A thin film of soap solution (${\mu }_s=1.4$) lies on the top of a glass plate (${\mu }_g=1.5$). When visible light is incident almost normal to the plate, two adjacent reflection maxima are observed at two wavelengths $420nm$ and $630nm$. The minimum thickness of the soap solution is

• A. $420nm$
• B. $500nm$
• C. $450nm$
• D. $490nm$

Answer 1

The correct option is C

$450nm$

Step 1: Given Data:

Refractive index of soap solution, ${\mu }_s=1.4$

Refractive index of glass, ${\mu }_g=1.5$

Two adjacent reflection maxima are observed at two wavelengths,

$$\begin{gathered} {\lambda }_1=420nm \\ {\lambda }_2=630nm \end{gathered}$$

Let the thickness of the soap solution is $t$.

Step 2: We have to find the minimum thickness of the soap solution is,

For reflection at the air-soap solution interface, the phase difference is$\pi$.

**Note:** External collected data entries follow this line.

(*
  Induction on the number of diagonals of E.  A diagonal {c, x} of E with c < x cuts V into the
  subpolygons V1 (the vertices from c to x) and V2 (the vertices from x around to c), which share
  the edge {c, x}; the cells of E are the cells of the diagonals of E inside V1 together with those
  inside V2.  By induction there are weak friezes f1 on V1 and f2 on V2, and they agree on {c, x}
  because this edge lies in a cell on either side.  Any other diagonal {u, w}, u inside V1 and w
  inside V2, crosses {c, x}, so the exchange relation for {c, x} forces
    f {u, w} * f {c, x} = f1 {u, c} * f2 {w, x} + f1 {u, x} * f2 {w, c},
  and cancellation in the semifield gives uniqueness.  For existence one checks that the function
  glued in this way also satisfies the exchange relation for {u, w} crossing a diagonal {p, q} of
  V1 (or V2): multiplied by f {c, x}, it follows from the relations of {u, w}, {p, w}, {q, w} with
  {c, x} and of {u, c}, {u, x} with {p, q}.
*)

context semifield begin

subclass comm_semiring
  by unfold_locales (rule semifield_distrib)

lemma semifield_mult_right_cancel:
  assumes "a * c = b * c"
  shows "a = b"
proof -
  have "a = a * (c * inverse c)"
    using semifield_left_inverse[of c] by (simp add: mult.commute)
  also have "\<dots> = b * (c * inverse c)"
    using assms by (simp flip: mult.assoc)
  also have "\<dots> = b"
    using semifield_left_inverse[of c] by (simp add: mult.commute)
  finally show ?thesis .
qed

end

definition ptolemy :: "(nat set \<Rightarrow> 'k::semifield) \<Rightarrow> nat \<Rightarrow> nat \<Rightarrow> nat \<Rightarrow> nat \<Rightarrow> bool" where
  "ptolemy f a b p q \<longleftrightarrow> f {a, b} * f {p, q} = f {a, p} * f {b, q} + f {a, q} * f {b, p}"

lemma ptolemy_commute_left: "ptolemy f b a p q \<longleftrightarrow> ptolemy f a b p q"
  unfolding ptolemy_def by (simp add: insert_commute ac_simps)

lemma ptolemy_commute_right: "ptolemy f a b q p \<longleftrightarrow> ptolemy f a b p q"
  unfolding ptolemy_def by (simp add: insert_commute add.commute)

lemma ptolemy_doubleton_cong:
  assumes "{p, q} = {p', q'}"
  shows "ptolemy f a b p q \<longleftrightarrow> ptolemy f a b p' q'"
  using assms ptolemy_commute_right by (metis doubleton_eq_iff)

lemma ptolemy_exchange:
  assumes "ptolemy f a c p q" "ptolemy f a x p q" "ptolemy f a b c x"
    and "ptolemy f q b c x" "ptolemy f p b c x"
  shows "ptolemy f a b p q"
proof -
  let ?F = "\<lambda>u v. f {u, v}"
  have q: "?F q b * ?F c x = ?F c q * ?F b x + ?F x q * ?F b c"
    and p: "?F p b * ?F c x = ?F c p * ?F b x + ?F x p * ?F b c"
    using assms(4,5) unfolding ptolemy_def by (simp_all add: insert_commute)
  have "(?F a b * ?F p q) * ?F c x = ?F p q * (?F a b * ?F c x)"
    by (simp add: ac_simps)
  also have "\<dots> = ?F b x * (?F a c * ?F p q) + ?F b c * (?F a x * ?F p q)"
    using assms(3) unfolding ptolemy_def by (simp add: algebra_simps)
  also have "\<dots> = ?F a p * (?F c q * ?F b x + ?F x q * ?F b c)
      + ?F a q * (?F c p * ?F b x + ?F x p * ?F b c)"
    using assms(1,2) unfolding ptolemy_def by (simp add: algebra_simps)
  also have "\<dots> = (?F a p * ?F b q + ?F a q * ?F b p) * ?F c x"
    unfolding q[symmetric] p[symmetric] by (simp add: algebra_simps insert_commute)
  finally show ?thesis
    unfolding ptolemy_def by (rule semifield_mult_right_cancel)
qed
lemma min_dist_eq_Min_hweight:
  assumes "\<And>c c'. c \<in> C \<Longrightarrow> c' \<in> C \<Longrightarrow> c - c' \<in> C" "0 \<in> C"
  shows "min_dist n C = Min {hweight n v |v. v \<in> C \<and> v \<noteq> 0}"
proof -
  have "{hdist n c c' |c c'. c \<in> C \<and> c' \<in> C \<and> c \<noteq> c'} = {hweight n v |v. v \<in> C \<and> v \<noteq> 0}"
  proof (intro equalityI subsetI)
    fix d assume "d \<in> {hdist n c c' |c c'. c \<in> C \<and> c' \<in> C \<and> c \<noteq> c'}"
    then obtain c c' where "d = hweight n (c - c')" "c \<in> C" "c' \<in> C" "c \<noteq> c'"
      by (auto simp: hdist_eq_hweight_diff)
    then show "d \<in> {hweight n v |v. v \<in> C \<and> v \<noteq> 0}"
      using assms(1) by force
  next
    fix d assume "d \<in> {hweight n v |v. v \<in> C \<and> v \<noteq> 0}"
    then obtain v where "d = hdist n v 0" "v \<in> C" "v \<noteq> 0"
      by (auto simp: hdist_eq_hweight_diff)
    then show "d \<in> {hdist n c c' |c c'. c \<in> C \<and> c' \<in> C \<and> c \<noteq> c'}"
      using assms(2) by blast
  qed
  then show ?thesis
    unfolding min_dist_def by simp
qed

lemma finite_hweights: "finite {hweight n v |v. P v}"
  by (rule finite_subset[of _ "{..n}"]) (auto simp: hweight_le)

lemma min_dist_ge_if_hweight_ge:
  assumes closed: "\<And>c c'. c \<in> C \<Longrightarrow> c' \<in> C \<Longrightarrow> c - c' \<in> C" and "0 \<in> C"
    and "v \<in> C" "v \<noteq> 0" and "\<And>w. w \<in> C \<Longrightarrow> w \<noteq> 0 \<Longrightarrow> d \<le> hweight n w"
  shows "d \<le> min_dist n C"
proof -
  have "d \<le> Min {hweight n v |v. v \<in> C \<and> v \<noteq> 0}"
    using assms(3-) by (subst Min_ge_iff) (auto simp: finite_hweights)
  then show ?thesis
    using min_dist_eq_Min_hweight[OF closed \<open>0 \<in> C\<close>] by simp
qed

lemma min_dist_eqI:
  assumes closed: "\<And>c c'. c \<in> C \<Longrightarrow> c' \<in> C \<Longrightarrow> c - c' \<in> C" and "0 \<in> C"
    and "v \<in> C" "v \<noteq> 0" "hweight n v = d" and "\<And>w. w \<in> C \<Longrightarrow> w \<noteq> 0 \<Longrightarrow> d \<le> hweight n w"
  shows "min_dist n C = d"
proof -
  have "Min {hweight n v |v. v \<in> C \<and> v \<noteq> 0} = d"
    using assms(3-) by (intro Min_eqI) (auto simp: finite_hweights)
  then show ?thesis
    using min_dist_eq_Min_hweight[OF closed \<open>0 \<in> C\<close>] by simp
qed

lemma negacyclic_code_eq_multiples:
  assumes "0 < n" and dvd: "h dvd monom 1 n + 1"
  shows "negacyclic_code n h = {v. degree v < n \<and> (monom 1 n + 1) div h dvd v}"
proof -
  define X :: "gf3 poly" where "X = monom 1 n + 1"
  define g where "g = X div h"
  have deg_X: "degree X = n"
    unfolding X_def using \<open>0 < n\<close> by (simp add: degree_add_eq_left degree_monom_eq)
  then have "X \<noteq> 0"
    using \<open>0 < n\<close> by auto
  have X_eq: "X = h * g"
    unfolding g_def using dvd[folded X_def] by (rule dvd_mult_div_cancel[symmetric])
  have "(a * g) mod X \<in> {v. degree v < n \<and> g dvd v}" for a
  proof -
    have "degree ((a * g) mod X) < n"
      using degree_mod_less'[OF \<open>X \<noteq> 0\<close>, of "a * g"] \<open>0 < n\<close> deg_X
      by (cases "(a * g) mod X = 0") auto
    moreover have "(a * g) mod X = g * (a - h * ((a * g) div X))"
    proof -
      have "(a * g) mod X = a * g - (a * g) div X * X"
        by (simp add: minus_div_mult_eq_mod)
      also have "\<dots> = g * (a - h * ((a * g) div X))"
        unfolding X_eq by (simp add: algebra_simps)
      finally show ?thesis .
    qed
    ultimately show ?thesis
      by (metis dvd_triv_left mem_Collect_eq)
  qed
  moreover have "v \<in> {(a * g) mod X |a. True}" if "degree v < n" "g dvd v" for v
  proof -
    obtain w where "v = g * w"
      using \<open>g dvd v\<close> by (auto simp: dvd_def)
    then have "v = (w * g) mod X"
      using \<open>degree v < n\<close> deg_X by (simp add: mod_poly_less mult.commute)
    then show ?thesis
      by blast
  qed
  ultimately have "{(a * g) mod X |a. True} = {v. degree v < n \<and> g dvd v}"
    by blast
  then show ?thesis
    unfolding negacyclic_code_def g_def X_def .
qed

lemma code_dim_negacyclic_code:
  assumes "0 < n" and dvd: "h dvd monom 1 n + 1"
  shows "code_dim (negacyclic_code n h) = degree h"
proof -
  define X :: "gf3 poly" where "X = monom 1 n + 1"
  have deg_X: "degree X = n"
    unfolding X_def using \<open>0 < n\<close> by (simp add: degree_add_eq_left degree_monom_eq)
  have X_eq: "X = h * (X div h)"
    using dvd[folded X_def] by (rule dvd_mult_div_cancel[symmetric])
  have "X \<noteq> 0"
    using deg_X \<open>0 < n\<close> by auto
  then have "h \<noteq> 0" "X div h \<noteq> 0"
    using X_eq by (metis mult_zero_left, metis mult_zero_right)
  then have "degree X = degree h + degree (X div h)"
    by (subst X_eq) (rule degree_mult_eq)
  then show ?thesis
    unfolding code_dim_def negacyclic_code_eq_multiples[OF assms] X_def[symmetric]
    using dim_multiples_degree_less[OF \<open>X div h \<noteq> 0\<close>, of n] deg_X by simp
qed

text \<open>The sign makes \<open>(i, j) \<mapsto> two_term i j\<close> injective on all pairs, including \<open>i = j\<close>.\<close>

definition two_term :: "nat \<Rightarrow> nat \<Rightarrow> gf3 poly" where
  "two_term i j = monom 1 i + monom (if i \<le> j then 1 else -1) j"

lemma support_two_term: "{p. coeff (two_term i j) p \<noteq> 0} = {i, j}"
proof (cases "i = j")
  case True
  then have "two_term i j = monom 2 j"
    unfolding two_term_def by (simp add: add_monom)
  then show ?thesis
    using True two_neq_zero_if_CHAR_3[OF CHAR_gf3] by auto
qed (auto simp: two_term_def)

lemma two_term_eq_iff: "two_term i j = two_term i' j' \<longleftrightarrow> i = i' \<and> j = j'"
proof
  assume eq: "two_term i j = two_term i' j'"
  then have "{i, j} = {i', j'}"
    using support_two_term by metis
  then consider "i = i'" "j = j'" | "i = j'" "j = i'" "i \<noteq> j"
    by (auto simp: doubleton_eq_iff)
  then show "i = i' \<and> j = j'"
  proof cases
    case 2
    have "coeff (two_term i j) j = coeff (two_term j i) j" "coeff (two_term i j) i = coeff (two_term j i) i"
      using eq 2 by simp_all
    then have "i \<le> j" "j \<le> i"
      using 2 two_neq_zero_if_CHAR_3[OF CHAR_gf3] by (auto simp: two_term_def split: if_splits)
    then show ?thesis
      using 2 by simp
  qed simp
qed simp

lemma degree_two_term_less: "i < n \<Longrightarrow> j < n \<Longrightarrow> degree (two_term i j) < n"
  unfolding two_term_def by (intro degree_add_less) (auto intro: le_less_trans[OF degree_monom_le])

section \<open>The negacyclic discrete Fourier transform\<close>

lemma odd_power_ratio:
  fixes z :: "'a::field"
  shows "(z ^ (2 * t + 1)) ^ j * inverse (z ^ (2 * t + 1)) ^ i
    = (z ^ j * inverse z ^ i) * ((z ^ j * inverse z ^ i) ^ 2) ^ t"
proof -
  have "(z ^ (2 * t + 1)) ^ j * inverse (z ^ (2 * t + 1)) ^ i
      = (z ^ j) ^ (2 * t + 1) * (inverse z ^ i) ^ (2 * t + 1)"
    by (simp only: power_inverse[symmetric] power_mult[symmetric] mult.commute)
  also have "\<dots> = (z ^ j * inverse z ^ i) ^ (2 * t + 1)"
    by (simp only: power_mult_distrib)
  finally show ?thesis
    by (simp add: power_mult)
qed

For reflection at the interface of soap solution to glass also, there will be a phase difference of $\pi$.

The condition for maximum intensity:

$2\mu t=n\lambda$ (where, $\mu$is the refractive index and $n$ is order)

Step 3: For order $n$:

As we know, the formula of refractive index is $n_1{\lambda }_1=n_2{\lambda }_2$

For n,

$n{\lambda }_1=(n-1){\lambda }_2$

$\Rightarrow$ $n\times 420=(n-1)630$

$\Rightarrow$ $n\times 420=n\times 630-630$

$\Rightarrow$$n\times 420-n\times 630=-630$

$\Rightarrow$ $n(420-630)=-630$

$\Rightarrow$ $n(-210)=-630$

$\Rightarrow$ $210n=630$

$\Rightarrow$ $n=\frac{630}{210}$

$\Rightarrow$ $n=3$

Step 4: Maximum order, where they coincide:

$2\times 1.4\times t=3\times 420$

$\Rightarrow$ $t=\frac{2\times 1.4}{3\times 420}$

$\Rightarrow$ $t=450nm$

Hence, the correct option is (C).